=== Source material ===
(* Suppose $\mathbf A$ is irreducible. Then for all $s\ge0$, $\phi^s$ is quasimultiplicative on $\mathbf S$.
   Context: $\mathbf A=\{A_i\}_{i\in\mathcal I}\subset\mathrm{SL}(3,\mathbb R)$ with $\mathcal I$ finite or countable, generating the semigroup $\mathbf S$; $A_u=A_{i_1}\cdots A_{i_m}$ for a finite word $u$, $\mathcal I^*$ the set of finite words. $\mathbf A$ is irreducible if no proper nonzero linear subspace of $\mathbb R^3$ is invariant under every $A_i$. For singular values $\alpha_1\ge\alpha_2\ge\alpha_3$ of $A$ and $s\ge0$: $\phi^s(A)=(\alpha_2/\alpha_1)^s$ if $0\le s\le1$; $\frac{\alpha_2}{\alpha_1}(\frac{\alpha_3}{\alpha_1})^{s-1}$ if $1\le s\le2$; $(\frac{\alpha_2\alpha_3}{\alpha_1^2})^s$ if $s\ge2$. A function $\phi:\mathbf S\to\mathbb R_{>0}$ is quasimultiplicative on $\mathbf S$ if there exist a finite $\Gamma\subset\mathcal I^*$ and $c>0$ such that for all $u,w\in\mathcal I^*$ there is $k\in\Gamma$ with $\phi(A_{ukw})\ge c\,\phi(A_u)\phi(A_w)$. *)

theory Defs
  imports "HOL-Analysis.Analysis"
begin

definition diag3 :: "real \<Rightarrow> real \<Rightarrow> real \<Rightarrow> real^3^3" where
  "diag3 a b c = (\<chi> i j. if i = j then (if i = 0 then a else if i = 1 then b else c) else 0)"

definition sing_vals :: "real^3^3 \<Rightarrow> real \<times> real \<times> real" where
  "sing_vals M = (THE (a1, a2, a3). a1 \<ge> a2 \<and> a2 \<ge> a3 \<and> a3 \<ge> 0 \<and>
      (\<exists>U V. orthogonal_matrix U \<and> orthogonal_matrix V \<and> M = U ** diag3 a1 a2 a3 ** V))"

=== Exercise directions ===
What are the lines from the one with "real \<times> real" through the end of the entries? Give them again exactly, both end lines included.

=== Your response ===
definition sing_vals :: "real^3^3 \<Rightarrow> real \<times> real \<times> real" where
  "sing_vals M = (THE (a1, a2, a3). a1 \<ge> a2 \<and> a2 \<ge> a3 \<and> a3 \<ge> 0 \<and>
      (\<exists>U V. orthogonal_matrix U \<and> orthogonal_matrix V \<and> M = U ** diag3 a1 a2 a3 ** V))"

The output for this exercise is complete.